Soludo: Nigeria Must Get Out of Multiple Exchange Rates | TheCable

Chukwuma Soludo, former governor of the Central Bank of Nigeria (CBN), says Nigeria must take steps to eliminate the current regime of multiple exchange rates.

Soludo said the difference between the official and parallel market exchange rates of the naira must be reduced to three to five per cent.

Speaking with journalists on Monday after the ‘Economic Discourse’, an event organised by the Institute of Chartered Accountants of Nigeria (ICAN), he lauded the recent efforts of the CBN with regards to the exchange rate.
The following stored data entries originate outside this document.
(* Let $A$ be a commutative ring, $\sigma$ a hereditary torsion theory on $A$-modules, and $M$ a totally $\sigma$-simple $A$-module with companion ideal $\mathfrak{h}\in\mathcal{L}(\sigma)$. Then: (1) $M\mathfrak{h}$ is not totally $\sigma$-torsion; hence $M\mathfrak{h}$ is the smallest submodule of $M$ that is not totally $\sigma$-torsion, and every submodule of $M$ that is not totally $\sigma$-torsion is itself totally $\sigma$-simple. (5) If $M'$ is a totally $\sigma$-simple $A$-module and $f:M\to M'$ is a surjective homomorphism, then $\ker f$ is totally $\sigma$-torsion.
   Context: $\mathcal{L}(\sigma)$ is the Gabriel filter of $\sigma$. A module $X$ is totally $\sigma$-torsion if $X\mathfrak{k}=0$ for some $\mathfrak{k}\in\mathcal{L}(\sigma)$. An $A$-module $M$ is totally $\sigma$-simple if $M$ is not totally $\sigma$-torsion and there exists $\mathfrak{h}\in\mathcal{L}(\sigma)$, called a companion ideal, such that $M\mathfrak{h}\subseteq H$ for every submodule $H\subseteq M$ that is not totally $\sigma$-torsion. *)

theory Defs
  imports Complex_Main
begin

definition ring_ideal :: "'a::comm_ring_1 set \<Rightarrow> bool" where
  "ring_ideal I \<longleftrightarrow> 0 \<in> I \<and> (\<forall>x\<in>I. \<forall>y\<in>I. x + y \<in> I) \<and> (\<forall>r. \<forall>x\<in>I. r * x \<in> I)"

definition colon_ideal :: "'a::comm_ring_1 set \<Rightarrow> 'a \<Rightarrow> 'a set" where
  "colon_ideal J a = {x. x * a \<in> J}"

text \<open>Gabriel filter (Stenstrom): a nonempty set of ideals satisfying T1--T3.
  The hereditary torsion theory sigma is represented by its Gabriel filter L(sigma).\<close>
definition gabriel_filter :: "'a::comm_ring_1 set set \<Rightarrow> bool" where
  "gabriel_filter F \<longleftrightarrow>
     (\<forall>I\<in>F. ring_ideal I) \<and> UNIV \<in> F \<and>
     (\<forall>I\<in>F. \<forall>J. ring_ideal J \<and> I \<subseteq> J \<longrightarrow> J \<in> F) \<and>
     (\<forall>I\<in>F. \<forall>a. colon_ideal I a \<in> F) \<and>
     (\<forall>I\<in>F. \<forall>J. ring_ideal J \<and> (\<forall>a\<in>I. colon_ideal J a \<in> F) \<longrightarrow> J \<in> F)"

definition tot_torsion :: "'a::comm_ring_1 set set \<Rightarrow> ('a \<Rightarrow> 'b::ab_group_add \<Rightarrow> 'b) \<Rightarrow> 'b set \<Rightarrow> bool" where
  "tot_torsion F scale X \<longleftrightarrow> (\<exists>k\<in>F. \<forall>x\<in>X. \<forall>a\<in>k. scale a x = 0)"

definition mod_ideal_prod :: "('a::comm_ring_1 \<Rightarrow> 'b::ab_group_add \<Rightarrow> 'b) \<Rightarrow> 'b set \<Rightarrow> 'a set \<Rightarrow> 'b set" where
  "mod_ideal_prod scale X I = module.span scale {scale a x | a x. a \<in> I \<and> x \<in> X}"

text \<open>h is a companion ideal of the totally sigma-simple module M (M a submodule of the ambient module).\<close>
definition tot_simple_companion :: "'a::comm_ring_1 set set \<Rightarrow> ('a \<Rightarrow> 'b::ab_group_add \<Rightarrow> 'b) \<Rightarrow> 'b set \<Rightarrow> 'a set \<Rightarrow> bool" where
  "tot_simple_companion F scale M h \<longleftrightarrow>
     \<not> tot_torsion F scale M \<and> h \<in> F \<and>
     (\<forall>H. module.subspace scale H \<and> H \<subseteq> M \<and> \<not> tot_torsion F scale H \<longrightarrow> mod_ideal_prod scale M h \<subseteq> H)"

definition tot_simple :: "'a::comm_ring_1 set set \<Rightarrow> ('a \<Rightarrow> 'b::ab_group_add \<Rightarrow> 'b) \<Rightarrow> 'b set \<Rightarrow> bool" where
  "tot_simple F scale M \<longleftrightarrow> (\<exists>h. tot_simple_companion F scale M h)"

definition module_hom_on :: "('a \<Rightarrow> 'b::ab_group_add \<Rightarrow> 'b) \<Rightarrow> ('a \<Rightarrow> 'c::ab_group_add \<Rightarrow> 'c) \<Rightarrow> 'b set \<Rightarrow> 'c set \<Rightarrow> ('b \<Rightarrow> 'c) \<Rightarrow> bool" where
  "module_hom_on s1 s2 M M' f \<longleftrightarrow> f ` M \<subseteq> M' \<and>
     (\<forall>x\<in>M. \<forall>y\<in>M. f (x + y) = f x + f y) \<and> (\<forall>a. \<forall>x\<in>M. f (s1 a x) = s2 a (f x))"

end

theory Submission
  imports Defs
begin

text \<open>The companion ideal h lies in the Gabriel filter, so if M h is killed by k \<in> L(\<sigma>), then
  for each a \<in> h the colon ideal (Ann M : a) contains k; axiom T3 then puts Ann M into L(\<sigma>).
  Hence M h is not totally torsion, and by the companion property it is the least submodule that
  is not; the same h then serves as companion ideal for every such submodule, since H h \<subseteq> M h.
  Finally, for a surjection f onto a totally simple M', a non-torsion kernel would contain M h, so
  h would annihilate f ` M = M', making M' totally torsion.\<close>

definition annihilator :: "('a::comm_ring_1 \<Rightarrow> 'b::ab_group_add \<Rightarrow> 'b) \<Rightarrow> 'b set \<Rightarrow> 'a set" where
  "annihilator scale X = {r. \<forall>x\<in>X. scale r x = 0}"

lemma tot_torsionI:
  assumes "k \<in> F" and "\<And>x a. x \<in> X \<Longrightarrow> a \<in> k \<Longrightarrow> scale a x = 0"
  shows "tot_torsion F scale X"
  using assms unfolding tot_torsion_def by blast

lemma gabriel_filter_upward_closed:
  assumes "gabriel_filter F" and "I \<in> F" and "ring_ideal J" and "I \<subseteq> J"
  shows "J \<in> F"
  using assms unfolding gabriel_filter_def by blast

lemma gabriel_filter_colon_closed:
  assumes "gabriel_filter F" and "I \<in> F" and "ring_ideal J" and "\<And>a. a \<in> I \<Longrightarrow> colon_ideal J a \<in> F"
  shows "J \<in> F"
  using assms unfolding gabriel_filter_def by blast

lemma ring_ideal_colon_ideal:
  assumes "ring_ideal J"
  shows "ring_ideal (colon_ideal J a)"
  using assms unfolding ring_ideal_def colon_ideal_def by (simp add: distrib_right mult.assoc)

context module
begin

lemma ring_ideal_annihilator: "ring_ideal (annihilator scale X)"
  unfolding ring_ideal_def annihilator_def by (simp add: scale_left_distrib flip: scale_scale)

lemma tot_torsion_iff_annihilator:
  assumes "gabriel_filter F"
  shows "tot_torsion F scale X \<longleftrightarrow> annihilator scale X \<in> F"
proof
  assume "tot_torsion F scale X"
  then obtain k where "k \<in> F" and "k \<subseteq> annihilator scale X"
    unfolding tot_torsion_def annihilator_def by blast
  then show "annihilator scale X \<in> F"
    by (rule gabriel_filter_upward_closed[OF assms _ ring_ideal_annihilator])
next
  assume "annihilator scale X \<in> F"
  then show "tot_torsion F scale X"
    by (rule tot_torsionI) (simp add: annihilator_def)
qed

lemma scale_mem_mod_ideal_prod:
  assumes "a \<in> I" and "x \<in> X"
  shows "scale a x \<in> mod_ideal_prod scale X I"
  unfolding mod_ideal_prod_def by (rule span_base) (use assms in blast)

lemma subspace_mod_ideal_prod: "subspace (mod_ideal_prod scale X I)"
  unfolding mod_ideal_prod_def by (rule subspace_span)

lemma mod_ideal_prod_subset:
  assumes "subspace M"
  shows "mod_ideal_prod scale M I \<subseteq> M"
  unfolding mod_ideal_prod_def
  by (rule span_minimal) (use assms in \<open>auto simp: subspace_def\<close>)

lemma mod_ideal_prod_mono:
  assumes "X \<subseteq> Y"
  shows "mod_ideal_prod scale X I \<subseteq> mod_ideal_prod scale Y I"
  unfolding mod_ideal_prod_def by (rule span_mono) (use assms in blast)

lemma tot_torsion_of_tot_torsion_mod_ideal_prod:
  assumes gf: "gabriel_filter F" and "h \<in> F"
    and "tot_torsion F scale (mod_ideal_prod scale M h)"
  shows "tot_torsion F scale M"
proof -
  obtain k where "k \<in> F" and k: "\<And>x a. x \<in> mod_ideal_prod scale M h \<Longrightarrow> a \<in> k \<Longrightarrow> scale a x = 0"
    using assms(3) unfolding tot_torsion_def by blast
  have "colon_ideal (annihilator scale M) a \<in> F" if "a \<in> h" for a
  proof (rule gabriel_filter_upward_closed[OF gf \<open>k \<in> F\<close>])
    show "ring_ideal (colon_ideal (annihilator scale M) a)"
      by (rule ring_ideal_colon_ideal[OF ring_ideal_annihilator])
    show "k \<subseteq> colon_ideal (annihilator scale M) a"
      using k scale_mem_mod_ideal_prod[OF \<open>a \<in> h\<close>]
      by (auto simp: colon_ideal_def annihilator_def simp flip: scale_scale)
  qed
  then have "annihilator scale M \<in> F"
    by (rule gabriel_filter_colon_closed[OF gf \<open>h \<in> F\<close> ring_ideal_annihilator])
  then show ?thesis
    using tot_torsion_iff_annihilator[OF gf] by blast
qed

lemma not_tot_torsion_mod_ideal_prod_companion:
  assumes "gabriel_filter F" and "tot_simple_companion F scale M h"
  shows "\<not> tot_torsion F scale (mod_ideal_prod scale M h)"
  using assms tot_torsion_of_tot_torsion_mod_ideal_prod unfolding tot_simple_companion_def by blast

lemma tot_simple_companion_submodule:
  assumes "tot_simple_companion F scale M h"
    and "subspace H" and "H \<subseteq> M" and "\<not> tot_torsion F scale H"
  shows "tot_simple_companion F scale H h"
  unfolding tot_simple_companion_def
proof (intro conjI allI impI)
  show "\<not> tot_torsion F scale H" and "h \<in> F"
    using assms unfolding tot_simple_companion_def by blast+
next
  fix K assume K: "subspace K \<and> K \<subseteq> H \<and> \<not> tot_torsion F scale K"
  have "mod_ideal_prod scale H h \<subseteq> mod_ideal_prod scale M h"
    by (rule mod_ideal_prod_mono[OF \<open>H \<subseteq> M\<close>])
  also have "\<dots> \<subseteq> K"
    using assms(1,3) K unfolding tot_simple_companion_def by blast
  finally show "mod_ideal_prod scale H h \<subseteq> K" .
qed

lemma subspace_kernel:
  assumes "module scale'" and "subspace M" and "module_hom_on scale scale' M M' f"
  shows "subspace {x \<in> M. f x = 0}"
proof -
  interpret target: module scale' by (rule assms(1))
  have add: "\<And>x y. x \<in> M \<Longrightarrow> y \<in> M \<Longrightarrow> f (x + y) = f x + f y"
    and hom_scale: "\<And>a x. x \<in> M \<Longrightarrow> f (scale a x) = scale' a (f x)"
    using assms(3) unfolding module_hom_on_def by auto
  have "0 \<in> M" using assms(2) by (rule subspace_0)
  then have "f 0 = 0"
    using add[of 0 0] by simp
  then show ?thesis
    using assms(2) add hom_scale unfolding subspace_def by (simp add: target.scale_zero_right)
qed

lemma kernel_tot_torsion_onto_tot_simple:
  assumes "gabriel_filter F" and "tot_simple_companion F scale M h"
    and "module scale'" and "subspace M" and "tot_simple F scale' M'"
    and hom: "module_hom_on scale scale' M M' f" and onto: "f ` M = M'"
  shows "tot_torsion F scale {x \<in> M. f x = 0}"
proof (rule ccontr)
  assume "\<not> tot_torsion F scale {x \<in> M. f x = 0}"
  then have kernel: "mod_ideal_prod scale M h \<subseteq> {x \<in> M. f x = 0}"
    using assms(2) subspace_kernel[OF assms(3,4) hom] unfolding tot_simple_companion_def by blast
  have "tot_torsion F scale' M'"
  proof (rule tot_torsionI)
    show "h \<in> F" using assms(2) unfolding tot_simple_companion_def by blast
  next
    fix y a assume "y \<in> M'" and "a \<in> h"
    then obtain x where "x \<in> M" and "y = f x" using onto by blast
    then have "f (scale a x) = 0"
      using kernel scale_mem_mod_ideal_prod[OF \<open>a \<in> h\<close>] by blast
    then show "scale' a y = 0"
      using hom \<open>x \<in> M\<close> \<open>y = f x\<close> unfolding module_hom_on_def by simp
  qed
  then show False
    using assms(5) unfolding tot_simple_def tot_simple_companion_def by blast
qed

end

theorem mainTheorem19:
  fixes F :: "'a::comm_ring_1 set set"
    and scale :: "'a \<Rightarrow> 'b::ab_group_add \<Rightarrow> 'b" and M :: "'b set" and h :: "'a set"
    and scale' :: "'a \<Rightarrow> 'c::ab_group_add \<Rightarrow> 'c" and M' :: "'c set" and f :: "'b \<Rightarrow> 'c"
  assumes "gabriel_filter F"
    and "module scale" and "module.subspace scale M"
    and "tot_simple_companion F scale M h"
  shows "\<not> tot_torsion F scale (mod_ideal_prod scale M h)
    \<and> (module.subspace scale (mod_ideal_prod scale M h) \<and> mod_ideal_prod scale M h \<subseteq> M
       \<and> (\<forall>H. module.subspace scale H \<and> H \<subseteq> M \<and> \<not> tot_torsion F scale H
              \<longrightarrow> mod_ideal_prod scale M h \<subseteq> H))
    \<and> (\<forall>H. module.subspace scale H \<and> H \<subseteq> M \<and> \<not> tot_torsion F scale H
              \<longrightarrow> tot_simple F scale H)
    \<and> (module scale' \<and> module.subspace scale' M' \<and> tot_simple F scale' M'
        \<and> module_hom_on scale scale' M M' f \<and> f ` M = M'
        \<longrightarrow> tot_torsion F scale {x \<in> M. f x = 0})"
proof -
  interpret module scale by (rule assms(2))
  have least: "\<forall>H. subspace H \<and> H \<subseteq> M \<and> \<not> tot_torsion F scale H \<longrightarrow> mod_ideal_prod scale M h \<subseteq> H"
    using assms(4) unfolding tot_simple_companion_def by blast
  have submodules: "\<forall>H. subspace H \<and> H \<subseteq> M \<and> \<not> tot_torsion F scale H \<longrightarrow> tot_simple F scale H"
    using tot_simple_companion_submodule[OF assms(4)] unfolding tot_simple_def by blast
  show ?thesis
  proof (intro conjI impI)
    show "\<not> tot_torsion F scale (mod_ideal_prod scale M h)"
      by (rule not_tot_torsion_mod_ideal_prod_companion[OF assms(1,4)])
  next
    assume "module scale' \<and> module.subspace scale' M' \<and> tot_simple F scale' M'
        \<and> module_hom_on scale scale' M M' f \<and> f ` M = M'"
    then show "tot_torsion F scale {x \<in> M. f x = 0}"
      using kernel_tot_torsion_onto_tot_simple[OF assms(1,4) _ assms(3)] by blast
  qed (fact subspace_mod_ideal_prod mod_ideal_prod_subset[OF assms(3)] least submodules)+
qed

end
“I can see quite some changes in the last few weeks. I think some steps are beginning to be taken, but it is still quite a long way to go to get to a stable and predictable level that eliminates the premium among the multiplicity of exchange rates,” he said.

“Nigeria must get out of multiple exchange rates and we must eliminate the premium, get it back on track at a competitive exchange rate regime. The uncertainty that is created by that is so enormous; and with the oil price rising and with the increase in oil earnings, this is the time to take bold steps and do the needful.

“We have done it before and it is just going back to it. If it (the template) is not broken, why mend it? Get back and eliminate the multiple exchange rate regime, eliminate the premium, or at least significantly reduce it to not more than between three to maximum of five per cent premium between the parallel and official exchange rates.

“On what it takes to do it, that is basically known. Get the public finance okay; I can tell you that with the momentum of what is going on in the rest of the world, by the end of this year, we should actually be having stocks of reserves in the range of about $50bn or $60bn.”

Soludo further noted that government policies aren’t necessarily the determinant to getting Nigeria out of recession, but stressed that the economy must be restructured to not depend on oil alone.

“I think this is a time Nigeria should actually be making hard decisions to transit away from an oil revenue economy. And that’s the serious work,” he added.